Beautiful terraced paddy fields lie at the lower southeastern slopes
of the regency while coffee and clove plantations are found higher
up. Salt panning and fishing are the major economic activities in
the coastal areas.
Standing 3,142 meters high, Gunung Agung made disaster news on
17th March, 1963 when its crater exploded, spewing rivers of Java
and hot volcanic mud down its slopes and into the sea. Ash rained
over the whole island, and lava streams covering roads isolated
its eastern end. Large areas of crops and many villages and temples
were wiped out.
Thousands of people were either burned to death or suffocated by
the searing clouds of hot gas rushing down the volcanic slopes.

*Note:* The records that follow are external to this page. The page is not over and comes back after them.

lemma markov_equiv_covered_reversal_induct:
  fixes G G' :: "('a::finite \<times> 'a) set"
  assumes "acyclic G" and "acyclic G'" and "markov_equiv G G'" and "P G"
    and reverse: "\<And>H x y. acyclic H \<Longrightarrow> covered_edge H x y \<Longrightarrow> P H \<Longrightarrow> P (reverse_edge H x y)"
  shows "P G'"
  using assms(1-4)
proof (induction "card (G - G')" arbitrary: G rule: less_induct)
  case less
  show ?case
  proof (cases "G \<subseteq> G'")
    case True
    then have "G = G'"
      using eq_if_subset_same_skeleton less.prems(2,3) unfolding markov_equiv_def by blast
    then show ?thesis using less.prems(4) by simp
  next
    case False
    then obtain x y where cov: "covered_edge G x y" and xy': "(x, y) \<notin> G'"
      using covered_edge_exists less.prems(1-3) by blast
    have "(y, x) \<in> G'"
      using less.prems(3) covered_edge_in[OF cov] xy'
      unfolding markov_equiv_def skeleton_def by blast
    then have "reverse_edge G x y - G' = (G - G') - {(x, y)}"
      unfolding reverse_edge_def by blast
    moreover have "card ((G - G') - {(x, y)}) < card (G - G')"
      by (rule card_Diff1_less) (simp_all add: covered_edge_in[OF cov] xy')
    ultimately have card: "card (reverse_edge G x y - G') < card (G - G')"
      by simp
    have "markov_equiv (reverse_edge G x y) G'"
      using markov_equiv_reverse_covered_edge[OF less.prems(1) cov] less.prems(3)
      unfolding markov_equiv_def by simp
    from less.hyps[OF card acyclic_reverse_covered_edge[OF less.prems(1) cov] less.prems(2) this
        reverse[OF less.prems(1) cov less.prems(4)]]
    show ?thesis .
  qed
qed

definition resid :: "real^'p^'n \<Rightarrow> real^'p^'p \<Rightarrow> 'p \<Rightarrow> real^'n" where
  "resid X B j = X *v (axis j 1 - column j B)"

definition quad_form :: "real^'n^'n \<Rightarrow> real^'n \<Rightarrow> real" where
  "quad_form Th v = v \<bullet> (Th *v v)"

lemma trace_mult_S_mat:
  fixes X :: "real^'p^'n" and B Om :: "real^'p^'p" and Th :: "real^'n^'n"
  shows "trace (Th ** S_mat X B Om)
    = (\<Sum>j\<in>UNIV. quad_form Th (resid X B j) / Om$j$j) / real CARD('p)"
proof -
  have resid: "column j X - X *v column j B = resid X B j" for j
    unfolding resid_def by (simp add: matrix_vector_mult_diff_distrib matrix_vector_mult_basis)
  have "trace (Th ** S_mat X B Om)
      = (\<Sum>i\<in>UNIV. \<Sum>k\<in>UNIV. \<Sum>j\<in>UNIV. resid X B j $ i * (Th$i$k * resid X B j $ k) / Om$j$j)
        / real CARD('p)"
    unfolding trace_def matrix_matrix_mult_def S_mat_def resid
    by (simp add: sum_distrib_left sum_divide_distrib mult_ac)
  also have "\<dots> = (\<Sum>j\<in>UNIV. \<Sum>i\<in>UNIV. \<Sum>k\<in>UNIV. resid X B j $ i * (Th$i$k * resid X B j $ k) / Om$j$j)
        / real CARD('p)"
    by (subst sum.swap, subst (2) sum.swap) (rule refl)
  also have "\<dots> = (\<Sum>j\<in>UNIV. quad_form Th (resid X B j) / Om$j$j) / real CARD('p)"
    unfolding quad_form_def inner_vec_def matrix_vector_mult_def
    by (simp add: sum_distrib_left sum_divide_distrib)
  finally show ?thesis .
qed

lemma det_matrix_inv_pos_diag:
  fixes Om :: "real^'p^'p"
  assumes "pos_diag Om"
  shows "det (matrix_inv Om) = 1 / (\<Prod>j\<in>UNIV. Om$j$j)"
proof -
  have det: "det Om = (\<Prod>j\<in>UNIV. Om$j$j)"
    using assms unfolding pos_diag_def by (intro det_diagonal) auto
  moreover have "(\<Prod>j\<in>UNIV. Om$j$j) \<noteq> 0"
    using assms unfolding pos_diag_def by (simp add: less_imp_neq[symmetric])
  moreover have "Om ** matrix_inv Om = mat 1"
    using calculation invertible_det_nz[of Om] unfolding matrix_inv_def invertible_def
    by (metis (mono_tags, lifting) someI_ex)
  then have "det Om * det (matrix_inv Om) = 1" by (metis det_mul det_I)
  ultimately show ?thesis by (metis eq_divide_eq mult.commute)
qed

lemma negloglik_pos_diag:
  fixes X :: "real^'p^'n" and B Om :: "real^'p^'p" and Th :: "real^'n^'n"
  assumes "pos_diag Om"
  shows "negloglik X B Om Th = real CARD('n) * ln (\<Prod>j\<in>UNIV. Om$j$j) - real CARD('p) * ln (det Th)
     + (\<Sum>j\<in>UNIV. quad_form Th (resid X B j) / Om$j$j) / real CARD('p)"
proof -
  have ln_inv: "ln (1 / (\<Prod>j\<in>UNIV. Om$j$j)) = - ln (\<Prod>j\<in>UNIV. Om$j$j)"
    by (metis inverse_eq_divide ln_inverse)
  show ?thesis
    unfolding negloglik_def trace_mult_S_mat det_matrix_inv_pos_diag[OF assms] ln_inv by simp
qed

lemma quad_form_add_scaleR:
  "quad_form Th (a *\<^sub>R u + b *\<^sub>R w)
    = a\<^sup>2 * quad_form Th u + a * b * (u \<bullet> (Th *v w) + w \<bullet> (Th *v u)) + b\<^sup>2 * quad_form Th w"
  unfolding quad_form_def
  by (simp add: algebra_simps inner_add_left inner_add_right power2_eq_square)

The villages of Sorga and Lebih, situated high on the slopes of
Agung, were totally destroyed. As if by a miracle, Besakih, just
six kilometers from the crater, suffered little damage. Nowadays,
Mount Agung is quiet and the mother temple Pura Besakih perched
1000 meters up the slope attracts a steady stream of devotees and
tourists.
Pura besakih is Bali's most important and probably best kept temple,
consisting of about 30 separate temples in seven terraces that ascend
up the hill. Every district in Bali has its own shrine or temple
at Besakih and besides honoring Ida Sang Hyang Widi ( God Almighty
), all Balinese gods and goddesses are also honored.
If you want to climb Mount Agung, you must request permission from
the temple authorities, as no one should stand higher than the temple
when a ceremony is being held.
You can ascend the mountain from behind the temple or through the
village of Sebudi village, near Selat. It's tough 6-8 hour climb
and you are recommended to leave in the early morning and hire a
guide.
Padang Bai is the port for the ferry service to Lombok. It's a
sleepy fishing village situated in a perfectly sheltered bay. The
beach is picturesque and quaint with a long sweep of sand where
colorful boats are drawn up on the beach.

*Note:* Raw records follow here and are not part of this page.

lemma tight_fusion_frame_Ssub:
  fixes x :: "nat \<Rightarrow> quat^'d"
  assumes unit: "\<forall>k<n. unit_vec (x k)" and "proj_2design n x"
  shows "tight_fusion_frame antiherm (\<bullet>) 3 n (\<lambda>k. Ssub (x k))"
  unfolding tight_fusion_frame_def
proof (intro conjI subspace_family_Ssub[OF unit] allI impI)
  fix y assume onb: "onb_family (\<bullet>) 3 n (\<lambda>k. Ssub (x k)) y"
  have frobenius: "(\<Sum>i<3. \<Sum>j<3. (gram_blk (\<bullet>) y k l i j)\<^sup>2) = 3 * (proj (x k) \<bullet> proj (x l))\<^sup>2"
    if "k < n" "l < n" for k l
  proof -
    have "(\<Sum>i<3. \<Sum>j<3. (gram_blk (\<bullet>) y k l i j)\<^sup>2)
        = (\<Sum>j<3. \<Sum>i<3. gram_blk (\<bullet>) y k l i j * gram_blk (\<bullet>) y k l i j)"
      by (subst sum.swap) (simp add: power2_eq_square)
    also have "\<dots> = (\<Sum>j<3::nat. (qnorm2 (hinner (x k) (x l)))\<^sup>2)"
      by (intro sum.cong refl) (simp add: gram_blk_Ssub[OF unit onb that])
    finally show ?thesis
      by (simp add: inner_proj)
  qed
  have "(1 / (real n)\<^sup>2) * (\<Sum>k<n. \<Sum>l<n. \<Sum>i<3. \<Sum>j<3. (gram_blk (\<bullet>) y k l i j)\<^sup>2)
      = 3 * ((1 / (real n)\<^sup>2) * (\<Sum>k<n. \<Sum>l<n. (proj (x k) \<bullet> proj (x l))\<^sup>2))"
    by (simp add: frobenius sum_distrib_left)
  also have "\<dots> = 3 * (3 / (real CARD('d) * (2 * real CARD('d) + 1)))"
    using \<open>proj_2design n x\<close> by (simp add: proj_2design_def minner_eq_inner)
  also have "\<dots> = (real 3)\<^sup>2 / real (dim (antiherm :: (quat^'d^'d) set))"
    by (simp add: dim_antiherm algebra_simps)
  finally show "(1 / (real n)\<^sup>2) * (\<Sum>k<n. \<Sum>l<n. \<Sum>i<3. \<Sum>j<3. (gram_blk (\<bullet>) y k l i j)\<^sup>2)
      = (real 3)\<^sup>2 / real (dim (antiherm :: (quat^'d^'d) set))" .
qed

From Padang Bai the road follows a beautiful stretch inland and
turns off at the mountain village of Tenganan. Tenganan is a Bali
Aga village - one of the few Balinese communities to resist the
Majapahit invasion of 1343.
It is walled village consisting of two rows of identical houses.
This is the only place in Indonesia where double weaving ikat, Geringsing,
is produced. The village is also famous for its lontar sacred books,
traditional Balinese palm leaf books.
One of coastal road 13 kilometers from Tenganan is the once quiet
fishing village of Candi dasa. you can expect to find plenty of
accommodation, restaurants, bars, souvenir shops, and some nightlife.
There are fantastic views from the headland and on a clear day Agung
Mountain rises magnificently behind the range of coastal hills.
The main town and capital of the Karangasem district is Amlapura.
Puri Agung Karangasem palace is an imposing reminder of the time
Karangasem was a kingdom. It has a three-tiered gate and beautiful
sculptured panels on the outside.
Six kilometers from Amlapura you will find the tirtaganga wate
palace. This palace, built around 1947 by Amlapura's water loving
king, is a place of beauty and solitude. The palace contains a network
of pools and a swimming pool fed by a natural spring, surrounded
by some of the most beautiful rice terraces in Bali.
North of Tirtagangga is Tulamben. SS Liberty, the American war
ship sunk by the Japanese in 1942, lies just off the beach and is
anywhere on this barren coast, but worth a pause on your travels.